--- START ---

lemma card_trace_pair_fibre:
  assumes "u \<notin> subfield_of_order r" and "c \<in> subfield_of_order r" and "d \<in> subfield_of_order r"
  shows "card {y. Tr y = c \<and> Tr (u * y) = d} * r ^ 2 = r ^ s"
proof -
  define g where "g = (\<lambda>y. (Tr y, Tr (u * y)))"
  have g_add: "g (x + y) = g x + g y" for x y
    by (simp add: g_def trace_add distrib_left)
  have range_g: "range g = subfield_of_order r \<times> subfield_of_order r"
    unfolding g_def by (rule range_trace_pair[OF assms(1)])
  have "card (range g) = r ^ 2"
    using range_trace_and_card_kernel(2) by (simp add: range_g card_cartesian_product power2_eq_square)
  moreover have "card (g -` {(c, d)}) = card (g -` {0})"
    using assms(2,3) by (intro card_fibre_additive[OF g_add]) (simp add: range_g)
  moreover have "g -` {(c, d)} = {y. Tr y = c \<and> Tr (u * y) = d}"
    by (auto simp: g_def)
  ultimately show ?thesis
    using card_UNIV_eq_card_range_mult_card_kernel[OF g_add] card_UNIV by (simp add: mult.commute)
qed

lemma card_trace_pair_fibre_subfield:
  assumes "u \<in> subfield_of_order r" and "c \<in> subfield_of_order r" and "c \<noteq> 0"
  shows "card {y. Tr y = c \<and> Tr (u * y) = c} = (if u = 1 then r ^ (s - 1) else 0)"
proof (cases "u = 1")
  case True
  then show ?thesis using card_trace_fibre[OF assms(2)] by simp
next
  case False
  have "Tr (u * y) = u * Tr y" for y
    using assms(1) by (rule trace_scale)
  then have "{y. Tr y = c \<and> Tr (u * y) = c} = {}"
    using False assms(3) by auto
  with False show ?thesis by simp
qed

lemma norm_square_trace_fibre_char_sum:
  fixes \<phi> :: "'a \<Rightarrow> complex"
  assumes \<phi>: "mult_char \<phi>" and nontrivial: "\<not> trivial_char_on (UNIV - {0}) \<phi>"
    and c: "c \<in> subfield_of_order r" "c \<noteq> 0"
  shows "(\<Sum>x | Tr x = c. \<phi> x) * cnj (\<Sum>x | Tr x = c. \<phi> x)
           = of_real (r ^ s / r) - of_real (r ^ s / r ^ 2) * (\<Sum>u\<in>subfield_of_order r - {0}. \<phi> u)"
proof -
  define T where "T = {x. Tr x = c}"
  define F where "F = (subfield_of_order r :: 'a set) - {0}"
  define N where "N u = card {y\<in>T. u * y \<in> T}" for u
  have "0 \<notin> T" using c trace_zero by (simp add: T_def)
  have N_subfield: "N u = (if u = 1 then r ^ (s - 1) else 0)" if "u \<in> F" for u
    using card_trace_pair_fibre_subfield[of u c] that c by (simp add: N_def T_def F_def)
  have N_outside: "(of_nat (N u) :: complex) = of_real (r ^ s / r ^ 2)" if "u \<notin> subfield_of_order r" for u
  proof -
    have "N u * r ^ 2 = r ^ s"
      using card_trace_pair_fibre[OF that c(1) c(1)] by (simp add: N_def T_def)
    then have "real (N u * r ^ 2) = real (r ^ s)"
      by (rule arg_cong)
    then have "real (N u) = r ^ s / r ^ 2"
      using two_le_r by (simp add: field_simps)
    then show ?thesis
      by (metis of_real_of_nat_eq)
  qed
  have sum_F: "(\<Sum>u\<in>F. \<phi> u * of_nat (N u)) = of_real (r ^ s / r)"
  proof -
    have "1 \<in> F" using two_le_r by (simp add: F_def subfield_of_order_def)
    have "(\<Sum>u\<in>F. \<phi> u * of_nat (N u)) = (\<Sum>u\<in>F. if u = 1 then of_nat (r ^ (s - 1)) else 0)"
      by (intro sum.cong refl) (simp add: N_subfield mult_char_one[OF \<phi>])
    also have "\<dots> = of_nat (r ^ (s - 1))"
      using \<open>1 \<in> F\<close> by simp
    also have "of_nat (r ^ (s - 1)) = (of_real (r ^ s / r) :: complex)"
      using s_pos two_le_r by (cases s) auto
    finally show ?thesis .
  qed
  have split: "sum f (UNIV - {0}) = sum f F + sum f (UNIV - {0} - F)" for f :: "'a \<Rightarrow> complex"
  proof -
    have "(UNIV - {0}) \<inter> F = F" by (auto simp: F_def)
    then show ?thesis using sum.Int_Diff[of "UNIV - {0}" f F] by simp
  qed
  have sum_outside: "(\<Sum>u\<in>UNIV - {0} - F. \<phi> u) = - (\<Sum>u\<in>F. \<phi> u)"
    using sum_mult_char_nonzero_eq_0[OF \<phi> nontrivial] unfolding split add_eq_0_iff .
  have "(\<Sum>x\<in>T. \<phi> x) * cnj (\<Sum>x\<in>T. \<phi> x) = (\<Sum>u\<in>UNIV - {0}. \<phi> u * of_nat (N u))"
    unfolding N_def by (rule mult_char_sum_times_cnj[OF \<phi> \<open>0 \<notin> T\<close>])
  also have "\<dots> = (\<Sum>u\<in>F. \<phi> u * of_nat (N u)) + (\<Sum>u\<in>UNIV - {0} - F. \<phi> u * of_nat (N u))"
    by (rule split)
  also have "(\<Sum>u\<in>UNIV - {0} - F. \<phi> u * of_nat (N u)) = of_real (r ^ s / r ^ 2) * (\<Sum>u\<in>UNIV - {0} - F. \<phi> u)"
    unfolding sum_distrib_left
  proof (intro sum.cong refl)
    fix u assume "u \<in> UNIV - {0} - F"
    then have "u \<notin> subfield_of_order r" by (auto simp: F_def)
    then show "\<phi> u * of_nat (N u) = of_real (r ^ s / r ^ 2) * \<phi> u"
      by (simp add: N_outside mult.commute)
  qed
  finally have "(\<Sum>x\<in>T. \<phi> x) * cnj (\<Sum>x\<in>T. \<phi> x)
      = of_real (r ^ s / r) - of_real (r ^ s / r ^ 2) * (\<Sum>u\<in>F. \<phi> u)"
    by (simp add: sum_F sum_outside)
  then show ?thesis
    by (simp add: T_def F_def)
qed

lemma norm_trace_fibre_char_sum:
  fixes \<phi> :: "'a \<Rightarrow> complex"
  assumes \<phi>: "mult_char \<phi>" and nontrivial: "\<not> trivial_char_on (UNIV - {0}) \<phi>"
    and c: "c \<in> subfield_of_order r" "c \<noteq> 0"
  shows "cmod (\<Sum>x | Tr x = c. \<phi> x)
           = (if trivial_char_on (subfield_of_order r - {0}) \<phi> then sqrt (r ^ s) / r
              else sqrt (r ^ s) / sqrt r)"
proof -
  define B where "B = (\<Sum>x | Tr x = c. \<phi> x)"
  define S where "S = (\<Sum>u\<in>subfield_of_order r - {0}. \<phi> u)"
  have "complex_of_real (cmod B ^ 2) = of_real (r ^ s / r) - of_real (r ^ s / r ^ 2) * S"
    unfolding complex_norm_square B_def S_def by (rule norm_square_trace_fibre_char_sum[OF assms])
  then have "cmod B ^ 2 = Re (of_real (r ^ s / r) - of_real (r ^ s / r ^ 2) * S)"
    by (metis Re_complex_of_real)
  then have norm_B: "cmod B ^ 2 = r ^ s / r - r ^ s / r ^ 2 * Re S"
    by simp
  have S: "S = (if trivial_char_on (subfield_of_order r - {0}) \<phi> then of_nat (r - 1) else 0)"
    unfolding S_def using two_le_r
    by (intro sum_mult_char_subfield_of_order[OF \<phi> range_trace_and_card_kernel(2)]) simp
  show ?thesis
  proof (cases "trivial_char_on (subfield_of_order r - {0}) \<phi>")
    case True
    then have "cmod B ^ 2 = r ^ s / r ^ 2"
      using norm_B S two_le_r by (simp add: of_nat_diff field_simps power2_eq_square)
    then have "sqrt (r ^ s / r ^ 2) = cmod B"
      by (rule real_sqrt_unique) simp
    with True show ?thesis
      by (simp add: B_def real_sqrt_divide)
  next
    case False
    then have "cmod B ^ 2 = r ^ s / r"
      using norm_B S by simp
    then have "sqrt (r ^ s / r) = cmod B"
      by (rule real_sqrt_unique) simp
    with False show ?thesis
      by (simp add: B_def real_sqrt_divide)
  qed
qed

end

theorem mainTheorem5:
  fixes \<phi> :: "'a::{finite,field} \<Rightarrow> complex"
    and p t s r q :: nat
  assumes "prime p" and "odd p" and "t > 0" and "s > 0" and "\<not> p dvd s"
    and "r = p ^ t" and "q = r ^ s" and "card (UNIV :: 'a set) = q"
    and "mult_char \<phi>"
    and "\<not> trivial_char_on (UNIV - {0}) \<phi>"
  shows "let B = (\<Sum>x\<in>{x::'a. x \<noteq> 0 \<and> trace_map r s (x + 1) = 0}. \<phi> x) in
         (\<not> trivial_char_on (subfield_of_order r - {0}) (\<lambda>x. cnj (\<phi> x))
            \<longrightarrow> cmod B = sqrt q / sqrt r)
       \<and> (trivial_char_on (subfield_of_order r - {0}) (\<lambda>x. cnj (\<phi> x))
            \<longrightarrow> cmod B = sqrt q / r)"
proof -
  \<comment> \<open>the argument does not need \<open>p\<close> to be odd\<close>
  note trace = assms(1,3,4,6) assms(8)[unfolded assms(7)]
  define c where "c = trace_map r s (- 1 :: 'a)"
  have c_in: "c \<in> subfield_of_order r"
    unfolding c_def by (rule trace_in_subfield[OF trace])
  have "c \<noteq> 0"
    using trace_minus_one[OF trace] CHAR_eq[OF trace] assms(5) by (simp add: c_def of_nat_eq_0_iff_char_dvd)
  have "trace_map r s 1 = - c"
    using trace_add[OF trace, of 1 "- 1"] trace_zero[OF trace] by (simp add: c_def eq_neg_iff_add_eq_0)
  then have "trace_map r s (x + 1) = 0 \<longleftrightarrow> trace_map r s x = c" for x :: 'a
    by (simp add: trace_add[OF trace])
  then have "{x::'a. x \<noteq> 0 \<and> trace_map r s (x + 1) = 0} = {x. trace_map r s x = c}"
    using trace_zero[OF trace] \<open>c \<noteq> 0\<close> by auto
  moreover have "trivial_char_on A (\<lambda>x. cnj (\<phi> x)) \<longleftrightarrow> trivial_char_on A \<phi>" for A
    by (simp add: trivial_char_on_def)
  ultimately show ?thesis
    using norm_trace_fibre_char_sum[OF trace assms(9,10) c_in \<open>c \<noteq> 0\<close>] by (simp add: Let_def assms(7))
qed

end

--- END ---

Assignment -> Find all the lines with "cases" in the data and copy them.

Answer section ->
proof (cases "u = 1")
      using s_pos two_le_r by (cases s) auto
  proof (cases "trivial_char_on (subfield_of_order r - {0}) \<phi>")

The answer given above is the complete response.